Exercise input Block Start

(* Let $X$ be a second countable locally compact Abelian group and let $K$ be a compact subgroup of $X$. Let $\xi_1,\xi_2,\xi_3$ be independent identically distributed random variables with values in $X$ and distribution $m_K$. Let $\alpha$ be a random variable with a Bernoulli distribution taking the values $0$ and $1$ with probability $\frac12$ each, independent of $(\xi_1,\xi_2,\xi_3)$. Then the following are equivalent: (i) the linear forms $2\xi_1$ and $\xi_1+\xi_2+2\alpha\xi_3$ are identically distributed; (ii) $K$ is a Corwin group.
   Context: $m_K$ denotes the Haar probability distribution on the compact subgroup $K$. A group $K$ is a Corwin group if $\{2x:x\in K\}=K$. *)

theory Defs
  imports "HOL-Analysis.Analysis" "HOL-Probability.Probability"
begin

definition subgroup_add :: "'a::ab_group_add set \<Rightarrow> bool" where
  "subgroup_add K \<longleftrightarrow> 0 \<in> K \<and> (\<forall>x\<in>K. \<forall>y\<in>K. x + y \<in> K) \<and> (\<forall>x\<in>K. - x \<in> K)"

text \<open>mu is the Haar probability distribution m_K of the compact subgroup K, viewed as a
  Borel measure on the ambient group: a Borel probability measure concentrated on K and
  invariant under translations by elements of K.\<close>
definition haar_prob :: "'a::{topological_ab_group_add} set \<Rightarrow> 'a measure \<Rightarrow> bool" where
  "haar_prob K mu \<longleftrightarrow> prob_space mu \<and> sets mu = sets borel \<and> emeasure mu K = 1 \<and>
     (\<forall>x\<in>K. distr mu borel (\<lambda>y. x + y) = mu)"

definition corwin :: "'a::ab_group_add set \<Rightarrow> bool" where
  "corwin K \<longleftrightarrow> (\<lambda>x. x + x) ` K = K"

end

theory Submission
  imports Defs
begin

text \<open>
  The Haar distribution \<open>m\<^sub>K\<close> absorbs every independent summand that lies in \<open>K\<close> almost surely:
  by Fubini, conditioning on that summand leaves a translate of \<open>m\<^sub>K\<close> by an element of \<open>K\<close>,
  which is \<open>m\<^sub>K\<close> again. Computing the law of \<open>x + y\<close> under \<open>\<mu> \<Otimes> \<nu>\<close> by fixing either
  coordinate in turn shows in the same way that \<open>m\<^sub>K\<close> is the only \<open>K\<close>-invariant probability
  on \<open>K\<close>.

  Since \<open>\<xi>\<^sub>1\<close> is independent of \<open>(\<alpha>, \<xi>\<^sub>2, \<xi>\<^sub>3)\<close> and \<open>\<xi>\<^sub>2 + 2\<alpha>\<xi>\<^sub>3 \<in> K\<close>, the form
  \<open>\<xi>\<^sub>1 + \<xi>\<^sub>2 + 2\<alpha>\<xi>\<^sub>3\<close> always has law \<open>m\<^sub>K\<close>, so (i) says that doubling preserves \<open>m\<^sub>K\<close>.
  If \<open>2K = K\<close>, the image of \<open>m\<^sub>K\<close> under doubling is \<open>K\<close>-invariant, hence equal to \<open>m\<^sub>K\<close>.
  Conversely, if doubling preserves \<open>m\<^sub>K\<close>, the compact subgroup \<open>2K\<close> has full measure; a coset
  \<open>x + 2K \<noteq> 2K\<close> with \<open>x \<in> K\<close> would be a disjoint translate of full measure as well, so \<open>2K = K\<close>.
\<close>

lemma distr_pair_measure_eqI_fst:
  assumes M1: "prob_space M1" and M2: "sigma_finite_measure M2"
    and f: "f \<in> measurable (M1 \<Otimes>\<^sub>M M2) N"
    and sections: "AE x in M1. distr M2 N (\<lambda>y. f (x, y)) = \<mu>"
    and sets_\<mu>: "sets \<mu> = sets N"
  shows "distr (M1 \<Otimes>\<^sub>M M2) N f = \<mu>"
proof (rule measure_eqI)
  interpret M1: prob_space M1 by (rule M1)
  interpret M2: sigma_finite_measure M2 by (rule M2)
  show "sets (distr (M1 \<Otimes>\<^sub>M M2) N f) = sets \<mu>" using sets_\<mu> by simp
  fix A assume "A \<in> sets (distr (M1 \<Otimes>\<^sub>M M2) N f)"
  then have A: "A \<in> sets N" by simp
  have "emeasure (distr (M1 \<Otimes>\<^sub>M M2) N f) A = emeasure (M1 \<Otimes>\<^sub>M M2) (f -` A \<inter> space (M1 \<Otimes>\<^sub>M M2))"
    by (rule emeasure_distr[OF f A])
  also have "\<dots> = (\<integral>\<^sup>+x. emeasure M2 (Pair x -` (f -` A \<inter> space (M1 \<Otimes>\<^sub>M M2))) \<partial>M1)"
    using measurable_sets[OF f A] by (rule M2.emeasure_pair_measure_alt)
  also have "\<dots> = (\<integral>\<^sup>+x. emeasure \<mu> A \<partial>M1)"
  proof (rule nn_integral_cong_AE)
    show "AE x in M1. emeasure M2 (Pair x -` (f -` A \<inter> space (M1 \<Otimes>\<^sub>M M2))) = emeasure \<mu> A"
      using sections AE_space
    proof eventually_elim
      case (elim x)
      have "Pair x -` (f -` A \<inter> space (M1 \<Otimes>\<^sub>M M2)) = (\<lambda>y. f (x, y)) -` A \<inter> space M2"
        using elim(2) by (auto simp: space_pair_measure)
      then show ?case
        using emeasure_distr[OF measurable_Pair2[OF f elim(2)] A] elim(1) by simp
    qed
  qed
  also have "\<dots> = emeasure \<mu> A" by (simp add: M1.emeasure_space_1)
  finally show "emeasure (distr (M1 \<Otimes>\<^sub>M M2) N f) A = emeasure \<mu> A" .
qed

lemma distr_pair_measure_eqI_snd:
  assumes M1: "sigma_finite_measure M1" and M2: "prob_space M2"
    and f: "f \<in> measurable (M1 \<Otimes>\<^sub>M M2) N"
    and sections: "AE y in M2. distr M1 N (\<lambda>x. f (x, y)) = \<mu>"
    and sets_\<mu>: "sets \<mu> = sets N"
  shows "distr (M1 \<Otimes>\<^sub>M M2) N f = \<mu>"
proof -
  interpret pair_sigma_finite M1 M2
    using M1 M2 by (simp add: pair_sigma_finite_def prob_space_imp_sigma_finite)
  have swap: "(\<lambda>(y, x). (x, y)) \<in> measurable (M2 \<Otimes>\<^sub>M M1) (M1 \<Otimes>\<^sub>M M2)"
    by (rule measurable_pair_swap')
  have "distr (M1 \<Otimes>\<^sub>M M2) N f = distr (M2 \<Otimes>\<^sub>M M1) N (f \<circ> (\<lambda>(y, x). (x, y)))"
    by (subst distr_pair_swap) (rule distr_distr[OF f swap])
  also have "\<dots> = \<mu>"
  proof (rule distr_pair_measure_eqI_fst[OF M2 M1 _ _ sets_\<mu>])
    show "f \<circ> (\<lambda>(y, x). (x, y)) \<in> measurable (M2 \<Otimes>\<^sub>M M1) N"
      by (rule measurable_comp[OF swap f])
  qed (use sections in simp)
  finally show ?thesis .
qed

lemma haar_prob_space: "haar_prob K \<mu> \<Longrightarrow> prob_space \<mu>"
  unfolding haar_prob_def by simp

lemma sets_haar_prob: "haar_prob K \<mu> \<Longrightarrow> sets \<mu> = sets borel"
  unfolding haar_prob_def by simp

lemma distr_translate_haar_prob: "haar_prob K \<mu> \<Longrightarrow> y \<in> K \<Longrightarrow> distr \<mu> borel (\<lambda>x. y + x) = \<mu>"
  unfolding haar_prob_def by simp

lemma space_haar_prob: "haar_prob K \<mu> \<Longrightarrow> space \<mu> = UNIV"
  using sets_eq_imp_space_eq[OF sets_haar_prob] by simp

lemma haar_prob_carrier_sets: "haar_prob K \<mu> \<Longrightarrow> K \<in> sets borel"
  using emeasure_notin_sets[of K \<mu>] by (auto simp: haar_prob_def)

lemma AE_in_haar_prob:
  assumes haar: "haar_prob K \<mu>"
  shows "AE x in \<mu>. x \<in> K"
proof (rule prob_space.AE_prob_1)
  show "prob_space \<mu>" by (rule haar_prob_space[OF haar])
  show "measure \<mu> K = 1" using haar by (simp add: haar_prob_def measure_def)
qed

lemma distr_add_haar_prob:
  fixes K :: "'a::{topological_ab_group_add, second_countable_topology} set"
  assumes haar: "haar_prob K \<mu>" and N: "prob_space N"
    and g: "g \<in> borel_measurable N" and g_in_K: "AE y in N. g y \<in> K"
  shows "distr (\<mu> \<Otimes>\<^sub>M N) borel (\<lambda>(x, y). x + g y) = \<mu>"
proof (rule distr_pair_measure_eqI_snd[OF _ N])
  show "sigma_finite_measure \<mu>"
    by (rule prob_space_imp_sigma_finite[OF haar_prob_space[OF haar]])
  show "(\<lambda>(x, y). x + g y) \<in> borel_measurable (\<mu> \<Otimes>\<^sub>M N)"
    using g
    unfolding measurable_cong_sets[OF sets_pair_measure_cong[OF sets_haar_prob[OF haar] refl] refl]
    by measurable
  show "AE y in N. distr \<mu> borel (\<lambda>x. (case (x, y) of (x, y) \<Rightarrow> x + g y)) = \<mu>"
    using g_in_K
    by eventually_elim (simp add: add.commute[of _ "g _"] distr_translate_haar_prob[OF haar])
qed (rule sets_haar_prob[OF haar])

Exercise input Block End

In the records above, how many lines hold the string "full"? Reply with only the number.

2